**Problem**
Every line from the start of the listing below through the line that contains "ultimately show ?thesis" is to be reproduced word for word.

**Given data**

lemma zeta_sum_orthogonal:
  assumes p: "p < n" and q: "q < n"
  shows "(\<Sum>l\<in>{0..<n}. zeta n ^ (l * p) * inverse (zeta n ^ (l * q)))
    = (if p = q then of_nat n else 0)"
proof -
  define w where "w = zeta n ^ p * inverse (zeta n ^ q)"
  have power_w: "zeta n ^ (l * p) * inverse (zeta n ^ (l * q)) = w ^ l" for l
    unfolding w_def by (simp add: power_mult_distrib power_mult[symmetric] mult.commute power_inverse)
  have "w ^ n = (zeta n ^ n) ^ p * inverse ((zeta n ^ n) ^ q)"
    unfolding w_def by (simp add: power_mult_distrib power_mult[symmetric] mult.commute power_inverse)
  then have "w ^ n = 1" using zeta_power_self p by simp
  moreover have "w = 1 \<longleftrightarrow> p = q"
    using zeta_power_inj[OF p q] by (auto simp: w_def zeta_def field_simps)
  ultimately show ?thesis
    by (simp add: power_w atLeast0LessThan sum_gp_strict)
qed

(* Both transforms carry the factor n^(-1/2) of Z_{k,k'} and phi, which makes them mutually inverse. *)
definition dft :: "nat \<Rightarrow> (nat \<Rightarrow> complex) \<Rightarrow> nat \<Rightarrow> complex" where
  "dft n c j = complex_of_real (1 / sqrt n) * (\<Sum>i\<in>{0..<n}. zeta n ^ (j * i) * c i)"

definition idft :: "nat \<Rightarrow> (nat \<Rightarrow> complex) \<Rightarrow> nat \<Rightarrow> complex" where
  "idft n d i = complex_of_real (1 / sqrt n) * (\<Sum>l\<in>{0..<n}. inverse (zeta n ^ (i * l)) * d l)"

lemma dft_cong: "(\<And>i. i < n \<Longrightarrow> c i = c' i) \<Longrightarrow> dft n c = dft n c'"
  unfolding dft_def by (intro ext arg_cong[where f = "(*) _"] sum.cong) auto

lemma dft_scale_square:
  "complex_of_real (1 / sqrt n) * complex_of_real (1 / sqrt n) = inverse (of_nat n)"
proof -
  have "1 / sqrt n * (1 / sqrt n) = inverse (real n)"
    by (simp add: inverse_eq_divide)
  then show ?thesis
    by (metis of_real_mult of_real_inverse of_real_of_nat_eq)
qed

lemma dft_idft:
  assumes "j < n"
  shows "dft n (idft n d) j = d j"
proof -
  have "dft n (idft n d) j
      = inverse (of_nat n) *
        (\<Sum>i\<in>{0..<n}. \<Sum>l\<in>{0..<n}. d l * (zeta n ^ (i * j) * inverse (zeta n ^ (i * l))))"
    unfolding dft_def idft_def dft_scale_square[symmetric] by (simp add: sum_distrib_left mult_ac)
  also have "\<dots> = inverse (of_nat n) *
      (\<Sum>l\<in>{0..<n}. d l * (\<Sum>i\<in>{0..<n}. zeta n ^ (i * j) * inverse (zeta n ^ (i * l))))"
    by (subst sum.swap) (simp add: sum_distrib_left)
  also have "\<dots> = inverse (of_nat n) * (\<Sum>l\<in>{0..<n}. if l = j then d l * of_nat n else 0)"
    using assms by (intro arg_cong[where f = "(*) _"] sum.cong) (auto simp: zeta_sum_orthogonal)
  also have "\<dots> = d j"
    using assms by simp
  finally show ?thesis .
qed

lemma idft_dft:
  assumes "i < n"
  shows "idft n (dft n c) i = c i"
proof -
  have "idft n (dft n c) i
      = inverse (of_nat n) *
        (\<Sum>l\<in>{0..<n}. \<Sum>j\<in>{0..<n}. c j * (zeta n ^ (l * j) * inverse (zeta n ^ (l * i))))"
    unfolding dft_def idft_def dft_scale_square[symmetric] by (simp add: sum_distrib_left mult_ac)
  also have "\<dots> = inverse (of_nat n) *
      (\<Sum>j\<in>{0..<n}. c j * (\<Sum>l\<in>{0..<n}. zeta n ^ (l * j) * inverse (zeta n ^ (l * i))))"
    by (subst sum.swap) (simp add: sum_distrib_left)
  also have "\<dots> = inverse (of_nat n) * (\<Sum>j\<in>{0..<n}. if j = i then c j * of_nat n else 0)"
    using assms by (intro arg_cong[where f = "(*) _"] sum.cong) (auto simp: zeta_sum_orthogonal)
  also have "\<dots> = c i"
    using assms by simp
  finally show ?thesis .
qed

lemma dft_vanishing_iff_idft:
  assumes "k \<le> n"
  shows "(\<forall>j<k. dft n c j = 0) \<longleftrightarrow> (\<exists>d. (\<forall>l<k. d l = 0) \<and> (\<forall>i<n. c i = idft n d i))"
proof
  assume "\<forall>j<k. dft n c j = 0"
  then show "\<exists>d. (\<forall>l<k. d l = 0) \<and> (\<forall>i<n. c i = idft n d i)"
    using idft_dft by (intro exI[of _ "dft n c"]) simp
next
  assume "\<exists>d. (\<forall>l<k. d l = 0) \<and> (\<forall>i<n. c i = idft n d i)"
  then obtain d where d: "\<forall>l<k. d l = 0" and c: "\<forall>i<n. c i = idft n d i" by blast
  then have "dft n c = dft n (idft n d)" by (intro dft_cong) simp
  then show "\<forall>j<k. dft n c j = 0"
    using d assms dft_idft[of _ n d] by simp
qed

lemma msum_carrier [simp]: "msum nr nc f N \<in> carrier_mat nr nc"
proof -
  have "foldr (\<lambda>i acc. f i + acc) xs (0\<^sub>m nr nc) \<in> carrier_mat nr nc" for xs
    by (induction xs) (auto simp: plus_mat_def)
  then show ?thesis unfolding msum_def .
qed

lemmas dim_msum [simp] = carrier_matD[OF msum_carrier]

lemma msum_eq_mat:
  assumes "\<forall>i<N. f i \<in> carrier_mat nr nc"
  shows "msum nr nc f N = mat nr nc (\<lambda>p. \<Sum>i\<in>{0..<N}. f i $$ p)"
proof -
  have "foldr (\<lambda>i acc. f i + acc) xs (0\<^sub>m nr nc) = mat nr nc (\<lambda>p. \<Sum>i\<leftarrow>xs. f i $$ p)"
    if "set xs \<subseteq> {0..<N}" for xs
    using that by (induction xs) (rule eq_matI; use assms in auto)+
  then show ?thesis
    unfolding msum_def by (simp add: sum_set_upt_conv_sum_list_nat[symmetric])
qed

lemma msum_mult_mat_vec:
  assumes f: "\<forall>i<N. f i \<in> carrier_mat nr nc" and v: "v \<in> carrier_vec nc"
  shows "msum nr nc f N *\<^sub>v v = vec nr (\<lambda>r. \<Sum>i\<in>{0..<N}. (f i *\<^sub>v v) $ r)"
proof (rule eq_vecI)
  fix r assume "r < dim_vec (vec nr (\<lambda>r. \<Sum>i\<in>{0..<N}. (f i *\<^sub>v v) $ r))"
  then have r: "r < nr" by simp
  have "(msum nr nc f N *\<^sub>v v) $ r = (\<Sum>s\<in>{0..<nc}. (\<Sum>i\<in>{0..<N}. f i $$ (r, s)) * v $ s)"
    using r v by (auto simp: msum_eq_mat[OF f] scalar_prod_def intro!: sum.cong)
  also have "\<dots> = (\<Sum>i\<in>{0..<N}. \<Sum>s\<in>{0..<nc}. f i $$ (r, s) * v $ s)"
    by (simp add: sum_distrib_right) (rule sum.swap)
  also have "\<dots> = (\<Sum>i\<in>{0..<N}. (f i *\<^sub>v v) $ r)"
    using f r v by (auto simp: scalar_prod_def intro!: sum.cong)
  finally show "(msum nr nc f N *\<^sub>v v) $ r = vec nr (\<lambda>r. \<Sum>i\<in>{0..<N}. (f i *\<^sub>v v) $ r) $ r"
    using r by simp
qed simp

lemma smult_mat_mult_vec:
  assumes "A \<in> carrier_mat nr nc" "v \<in> carrier_vec nc"
  shows "(k \<cdot>\<^sub>m A) *\<^sub>v v = k \<cdot>\<^sub>v (A *\<^sub>v (v :: 'a :: comm_ring_1 vec))"
  using assms by (intro eq_vecI) (auto simp: scalar_prod_def sum_distrib_left mult.assoc)

lemma ketbra_carrier: "ketbra x y \<in> carrier_mat (dim_vec x) (dim_vec y)"
  by (simp add: ketbra_def)

lemma ketbra_mult_vec:
  assumes "v \<in> carrier_vec (dim_vec y)"
  shows "ketbra x y *\<^sub>v v = (v \<bullet>c y) \<cdot>\<^sub>v x"
  using assms by (intro eq_vecI)
    (auto simp: ketbra_def scalar_prod_def sum_distrib_left sum_distrib_right mult_ac intro!: sum.cong)

lemma transition_op_mult_vec:
  assumes a: "\<forall>i<nk. a i \<in> carrier_vec m" and b: "\<forall>j<nk'. b j \<in> carrier_vec m"
    and v: "v \<in> carrier_vec m"
  shows "transition_op m a nk b nk' *\<^sub>v v = lincomb_vec m b nk' (dft nk (\<lambda>i. v \<bullet>c a i))"
proof -
  let ?K = "\<lambda>j i. zeta nk ^ (j * i) \<cdot>\<^sub>m ketbra (b j) (a i)"
  have K_carrier: "?K j i \<in> carrier_mat m m" if "j < nk'" "i < nk" for i j
    using ketbra_carrier[of "b j" "a i"] a b that by auto
  have K_apply: "?K j i *\<^sub>v v = (zeta nk ^ (j * i) * (v \<bullet>c a i)) \<cdot>\<^sub>v b j"
    if "j < nk'" "i < nk" for i j
    using ketbra_carrier[of "b j" "a i"] a b v that
    by (auto simp: smult_mat_mult_vec ketbra_mult_vec smult_smult_assoc)
  have row_apply: "msum m m (?K j) nk *\<^sub>v v
      = vec m (\<lambda>r. \<Sum>i\<in>{0..<nk}. zeta nk ^ (j * i) * (v \<bullet>c a i) * b j $ r)" if "j < nk'" for j
  proof -
    have "msum m m (?K j) nk *\<^sub>v v = vec m (\<lambda>r. \<Sum>i\<in>{0..<nk}. (?K j i *\<^sub>v v) $ r)"
      using K_carrier that v by (simp add: msum_mult_mat_vec)
    also have "\<dots> = vec m (\<lambda>r. \<Sum>i\<in>{0..<nk}. zeta nk ^ (j * i) * (v \<bullet>c a i) * b j $ r)"
      by (rule eq_vecI) (use K_apply b that in \<open>auto intro!: sum.cong\<close>)
    finally show ?thesis .
  qed
  have "transition_op m a nk b nk' *\<^sub>v v
      = complex_of_real (1 / sqrt nk) \<cdot>\<^sub>v vec m (\<lambda>r. \<Sum>j\<in>{0..<nk'}. (msum m m (?K j) nk *\<^sub>v v) $ r)"
    unfolding transition_op_def smult_mat_mult_vec[OF msum_carrier v]
    by (simp add: msum_mult_mat_vec[OF _ v])
  also have "\<dots> = lincomb_vec m b nk' (dft nk (\<lambda>i. v \<bullet>c a i))"
    by (rule eq_vecI)
      (simp_all add: row_apply lincomb_vec_def dft_def sum_distrib_left sum_distrib_right mult_ac)
  finally show ?thesis .
qed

**Response**
lemma zeta_sum_orthogonal:
  assumes p: "p < n" and q: "q < n"
  shows "(\<Sum>l\<in>{0..<n}. zeta n ^ (l * p) * inverse (zeta n ^ (l * q)))
    = (if p = q then of_nat n else 0)"
proof -
  define w where "w = zeta n ^ p * inverse (zeta n ^ q)"
  have power_w: "zeta n ^ (l * p) * inverse (zeta n ^ (l * q)) = w ^ l" for l
    unfolding w_def by (simp add: power_mult_distrib power_mult[symmetric] mult.commute power_inverse)
  have "w ^ n = (zeta n ^ n) ^ p * inverse ((zeta n ^ n) ^ q)"
    unfolding w_def by (simp add: power_mult_distrib power_mult[symmetric] mult.commute power_inverse)
  then have "w ^ n = 1" using zeta_power_self p by simp
  moreover have "w = 1 \<longleftrightarrow> p = q"
    using zeta_power_inj[OF p q] by (auto simp: w_def zeta_def field_simps)
  ultimately show ?thesis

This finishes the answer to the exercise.